Щеголяли мы с Тиной в лаптях деда Кузьмы, работали, сводки с фронта слушали. А война к Волге покатилась, к Сталинграду. Мне в конце августа пришёл ответ в милицию о Пете: сообщили номер его воинской части. Я прямо там, в милиции, написала ему письмо. Написала, что живу в Верхнем Волочке, что жива-здорова, что ждём не дождёмся с Серёнькой письма от него. Сложила письмо в треугольник и отправила. Прибежала в барак, первым делом – второе письмо Пете писать, подробное. Сразу же в тот же вечер и отправила. Сентябрь жду, октябрь жду, ещё три письма опустила в почтовый ящик. На картах гадаю каждый день. В церковь сходила, помолилась: «Господи, помилуй Петю…» Жду.
Светочка по воскресеньям стала выступать в госпитале, пела. Её там и покормят, бывало, и с собой чего-нито дадут.
Наконец прилетела Петина весточка. Я по почерку его красивому на конверте узнала – сам писал. Написал, что воюет, крутит баранку с утра и до вечера и с вечера до утра, что обрадовался моим письмам – в один день оба-два получил. Написал, что скучает, что хочет Серёньку в руках подержать. «У меня, – написал, – три мечты: живым с войны вернуться, тебя с Серёнькой увидеть и целый год спать».

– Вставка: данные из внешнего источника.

lemma mixed_scale:
  assumes "mixed \<rho>" "0 \<le> c"
  shows "mixed (\<lambda>a b. of_real c * \<rho> a b)"
proof -
  obtain v where v1: "\<And>k. is_l2 (v k)" and v2: "summable (\<lambda>k. (l2norm (v k))\<^sup>2)"
    and v3: "\<And>a b. (\<lambda>k. v k a * cnj (v k b)) sums \<rho> a b"
    using assms(1) unfolding mixed_def by blast
  define s where "s = complex_of_real (sqrt c)"
  define w where "w k = (\<lambda>a. v k a * s)" for k
  have "is_l2 (w k)" for k
    unfolding w_def using is_l2_mult_const[OF v1] .
  moreover have "summable (\<lambda>k. (l2norm (w k))\<^sup>2)"
  proof -
    have "(l2norm (w k))\<^sup>2 = c * (l2norm (v k))\<^sup>2" for k
      using assms(2) by (simp add: w_def l2norm_mult_const s_def power_mult_distrib)
    then show ?thesis
      using summable_mult[OF v2, of c] by simp
  qed
  moreover have "(\<lambda>k. w k a * cnj (w k b)) sums (of_real c * \<rho> a b)" for a b
  proof -
    have "s * cnj s = of_real c"
      using assms(2) by (simp add: s_def of_real_mult[symmetric])
    then have "w k a * cnj (w k b) = of_real c * (v k a * cnj (v k b))" for k
      unfolding w_def by (metis complex_cnj_mult mult.assoc mult.commute mult.left_commute)
    then show ?thesis
      using sums_mult[OF v3[of a b], of "of_real c"] by simp
  qed
  ultimately show ?thesis
    unfolding mixed_def by blast
qed

lemma mixed_tensor_selfbutter:
  assumes "mixed \<rho>" "is_l2 \<psi>"
  shows "mixed (tensor_op \<rho> (selfbutter \<psi>))"
proof -
  obtain v where v1: "\<And>k. is_l2 (v k)" and v2: "summable (\<lambda>k. (l2norm (v k))\<^sup>2)"
    and v3: "\<And>a b. (\<lambda>k. v k a * cnj (v k b)) sums \<rho> a b"
    using assms(1) unfolding mixed_def by blast
  define w where "w k p = v k (fst p) * \<psi> (snd p)" for k p
  have "is_l2 (w k)" for k
    unfolding w_def using is_l2_tensor(1)[OF v1 assms(2)] .
  moreover have "summable (\<lambda>k. (l2norm (w k))\<^sup>2)"
  proof (rule summable_comparison_test'[OF summable_mult[OF v2, of "(l2norm \<psi>)\<^sup>2"], of 0])
    fix k
    have "l2norm (w k) \<le> l2norm (v k) * l2norm \<psi>"
      unfolding w_def using is_l2_tensor(2)[OF v1 assms(2)] .
    then have "(l2norm (w k))\<^sup>2 \<le> (l2norm (v k) * l2norm \<psi>)\<^sup>2"
      by (rule power_mono) (rule l2norm_nonneg)
    then show "norm ((l2norm (w k))\<^sup>2) \<le> (l2norm \<psi>)\<^sup>2 * (l2norm (v k))\<^sup>2"
      by (simp add: power_mult_distrib mult.commute)
  qed
  moreover have "(\<lambda>k. w k p * cnj (w k q)) sums tensor_op \<rho> (selfbutter \<psi>) p q" for p q
    using sums_mult2[OF v3[of "fst p" "fst q"], of "selfbutter \<psi> (snd p) (snd q)"]
    by (simp add: w_def tensor_op_def selfbutter_def algebra_simps)
  ultimately show ?thesis
    unfolding mixed_def by blast
qed

lemma separable_tensor_op:
  assumes "mixed f" "mixed g"
  shows "separable (tensor_op f g)"
  unfolding separable_def
proof (intro exI[of _ "\<lambda>i. if i = 0 then f else (\<lambda>_ _. 0)"]
    exI[of _ "\<lambda>i. if i = 0 then g else (\<lambda>_ _. 0)"] conjI allI)
  show "mixed (if i = 0 then f else (\<lambda>_ _. 0))" "mixed (if i = 0 then g else (\<lambda>_ _. 0))"
    for i :: nat
    using assms by (simp_all add: mixed_zero)
  show "(\<lambda>i. tensor_op (if i = 0 then f else (\<lambda>_ _. 0)) (if i = 0 then g else (\<lambda>_ _. 0)) p q)
      sums tensor_op f g p q" for p q
  proof -
    have eq: "(\<lambda>i. tensor_op (if i = 0 then f else (\<lambda>_ _. 0)) (if i = 0 then g else (\<lambda>_ _. 0)) p q)
        = (\<lambda>i. if i = 0 then tensor_op f g p q else 0)"
      by (auto simp: tensor_op_def)
    show ?thesis
      unfolding eq by (rule sums_single)
  qed
qed

section \<open>Range and support\<close>

lemma cmod_sum_mult_sq_le:
  "(cmod (\<Sum>k\<in>F. x k * y k))\<^sup>2 \<le> (\<Sum>k\<in>F. (cmod (x k))\<^sup>2) * (\<Sum>k\<in>F. (cmod (y k))\<^sup>2)"
proof -
  have "(cmod (\<Sum>k\<in>F. x k * y k))\<^sup>2 \<le> (\<Sum>k\<in>F. cmod (x k) * cmod (y k))\<^sup>2"
    using norm_sum[of "\<lambda>k. x k * y k" F] by (simp add: norm_mult power_mono)
  also have "\<dots> \<le> (\<Sum>k\<in>F. (cmod (x k))\<^sup>2) * (\<Sum>k\<in>F. (cmod (y k))\<^sup>2)"
    by (rule Cauchy_Schwarz_ineq_sum)
  finally show ?thesis .
qed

А на Волге фриц всё давит и давит. Голос у Левитана совсем железным стал из чёрной картонной тарелки радио – послушаем, посмотрим друг на друга, покиваем головами и разойдёмся. И каждый день: «Вставай, страна огромная, вставай на смертный бой!» Притихло всё, и все притихли, бригадирша Тося материться перестала. У всех одна боль была, одна надежда, хоть и замороженная эта надежда была: Сталинград, Сталинград, Сталинград… И не я одна, думаю, в душе все молились: «Господи, помилуй! Господи, помилуй!»
В декабре письмо от Пети: написал, что без его вызова нам с Серёнькой в Москву не попасть – город на особом военном положении. Посоветовал по возможности продвигаться ближе к Москве, лучше всего в Иваньково[2], на Большую Волгу, там сестра его родная Варя и жена родного брата Андрея – Соня. Соня директором школы номер один работает – заменила ушедшего на фронт мужа.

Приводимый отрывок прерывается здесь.